Although the pandemic has been a human catastrophe affecting clinical practice and global health, it has also urged tremendous innovation in vaccine development. In the future, this will likely prove an enormous benefit. Vaccination has been a neglected topic in the past, and we need to seize the moment to systematically understand vaccine immunology in immunocompromised hosts, such as patients with hematologic malignancies.

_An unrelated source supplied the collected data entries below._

text \<open>The moment bound is only assumed for \<open>\<eta>' < \<eta>max\<close>; the endpoint \<open>\<eta> = \<eta>max\<close> follows
  by Fatou's lemma along a sequence \<open>\<eta>' \<nearrow> \<eta>\<close>.\<close>

lemma nn_integral_step_moment_le:
  fixes B :: "'z \<Rightarrow> real^'d^'d"
  assumes Q: "prob_space Q" and B: "B \<in> borel_measurable Q"
    and K: "\<And>z. z \<in> space Q \<Longrightarrow> norm (B z) \<le> K"
    and p: "0 < p" and a: "0 \<le> a" "\<eta>max * a \<le> 1"
    and moment: "\<And>\<eta>'. 0 < \<eta>' \<Longrightarrow> \<eta>' < \<eta>max \<Longrightarrow>
      (\<integral>z. norm ((mat 1 - \<eta>' *\<^sub>R B z) *v u) powr p \<partial>Q) powr (1 / p) \<le> (1 - \<eta>' * a) * norm u"
    and \<eta>: "0 < \<eta>" "\<eta> \<le> \<eta>max"
  shows "(\<integral>\<^sup>+z. ennreal (norm ((mat 1 - \<eta> *\<^sub>R B z) *v u) powr p) \<partial>Q)
    \<le> ennreal ((1 - \<eta> * a) powr p) * ennreal (norm u powr p)"
proof -
  define f where "f e z = ennreal (norm (u - e *\<^sub>R (B z *v u)) powr p)" for e z
  have f_meas: "f e \<in> borel_measurable Q" for e
    unfolding f_def using B by measurable
  have rate_nonneg: "0 \<le> 1 - x * a" if "x \<le> \<eta>max" for x
    using mult_right_mono[OF that a(1)] a(2) by linarith
  define e where "e n = \<eta> - \<eta> / real (n + 2)" for n
  have e_rng: "0 < e n" "e n < \<eta>max" for n
  proof -
    have "0 < \<eta> / real (n + 2)" "\<eta> / real (n + 2) < \<eta>"
      using \<eta> by (auto simp: divide_less_eq)
    then show "0 < e n" "e n < \<eta>max"
      unfolding e_def using \<eta> by linarith+
  qed
  have "(\<lambda>n. \<eta> / real (n + 2)) \<longlonglongrightarrow> 0"
    using LIMSEQ_ignore_initial_segment[OF lim_const_over_n[of \<eta>], of 2] by simp
  then have e_lim: "e \<longlonglongrightarrow> \<eta>"
    unfolding e_def using tendsto_diff[OF tendsto_const] by fastforce
  have "integral\<^sup>N Q (f \<eta>) = (\<integral>\<^sup>+z. liminf (\<lambda>n. f (e n) z) \<partial>Q)"
  proof (intro nn_integral_cong)
    fix z
    have "(\<lambda>n. f (e n) z) \<longlonglongrightarrow> f \<eta> z"
      unfolding f_def using p by (intro tendsto_ennrealI tendsto_intros e_lim) auto
    then show "f \<eta> z = liminf (\<lambda>n. f (e n) z)"
      by (simp add: lim_imp_Liminf)
  qed
  also have "\<dots> \<le> liminf (\<lambda>n. integral\<^sup>N Q (f (e n)))"
    using f_meas by (rule nn_integral_liminf)
  also have "\<dots> \<le> liminf (\<lambda>n. ennreal (((1 - e n * a) * norm u) powr p))"
    using nn_integral_id_minus_moment_le[OF Q B K p less_imp_le[OF e_rng(1)] moment[OF e_rng]]
    by (intro Liminf_mono always_eventually) (simp add: f_def[abs_def] id_minus_matrix_vector_mult)
  also have "\<dots> = ennreal (((1 - \<eta> * a) * norm u) powr p)"
  proof -
    have "(\<lambda>n. ennreal (((1 - e n * a) * norm u) powr p)) \<longlonglongrightarrow> ennreal (((1 - \<eta> * a) * norm u) powr p)"
      using p rate_nonneg[OF less_imp_le[OF e_rng(2)]]
      by (intro tendsto_ennrealI tendsto_powr2 tendsto_intros e_lim always_eventually) auto
    then show ?thesis
      by (simp add: lim_imp_Liminf)
  qed
  also have "\<dots> = ennreal ((1 - \<eta> * a) powr p) * ennreal (norm u powr p)"
    by (simp add: powr_mult ennreal_mult)
  finally show ?thesis
    unfolding id_minus_matrix_vector_mult by (simp add: f_def[abs_def])
qed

Conflict-of-interest disclosure: S.C.M. reports grants from University of Cologne (KoelnFortune), Dr Manfred Plempel Stipend, German Center for Infection Research (DZIF) clinical leave, and personal fees from Octapharma, outside the submitted work. O.A.C. reports grants and contracts from Amplyx, Basilea, the Federal Ministry of Education and Research, Cidara, DZIF, the Directorate-General for Research and Innovation (101037867), The Rare Fungal Disease Company, Gilead, Matinas, MedPace, MSD, Mundipharma, Octapharma, Pfizer, and Scynexis; consulting fees from AbbVie, Amplyx, Biocon, Biosys, Cidara, Da Volterra, Gilead, IQVIA, Janssen, Matinas, MedPace, Menarini, Molecular Partners, Mycoses Study Group Education & Research Consortium (MSG-ERC), Noxxon, Octapharma, Pardes, Pfizer, Scynexis, and Seres; honoraria for lectures from Abbott, AbbVie, Al-Jazeera Pharmaceuticals, Astellas, Gilead, Grupo Biotoscana/United Medical/Knight, Hikma, MedScape, MedUpdate, MSD, Mylan, Noscendo, Pfizer, and Shionogi; payment for expert testimony from Cidara; participation in a data safety monitoring board or an advisory board from Actelion, Allecra, Cidara, Entasis, IQVIA, Janssen, MedPace, Paratek, Pulmocide, Shionogi, and The Prime Meridian Group; a patent at the German Patent and Trade Mark Office (DE 10 2021 113 007.7); stocks from CoRe Consulting; and other interests from the German Society for Haematology and Medical Oncology, Deutsche Gesellschaft für Infektiologie, the European Confederation of Medical Mycology, the International Society for Human and Animal Mycology, MSG-ERC, and Wiley, outside the submitted work.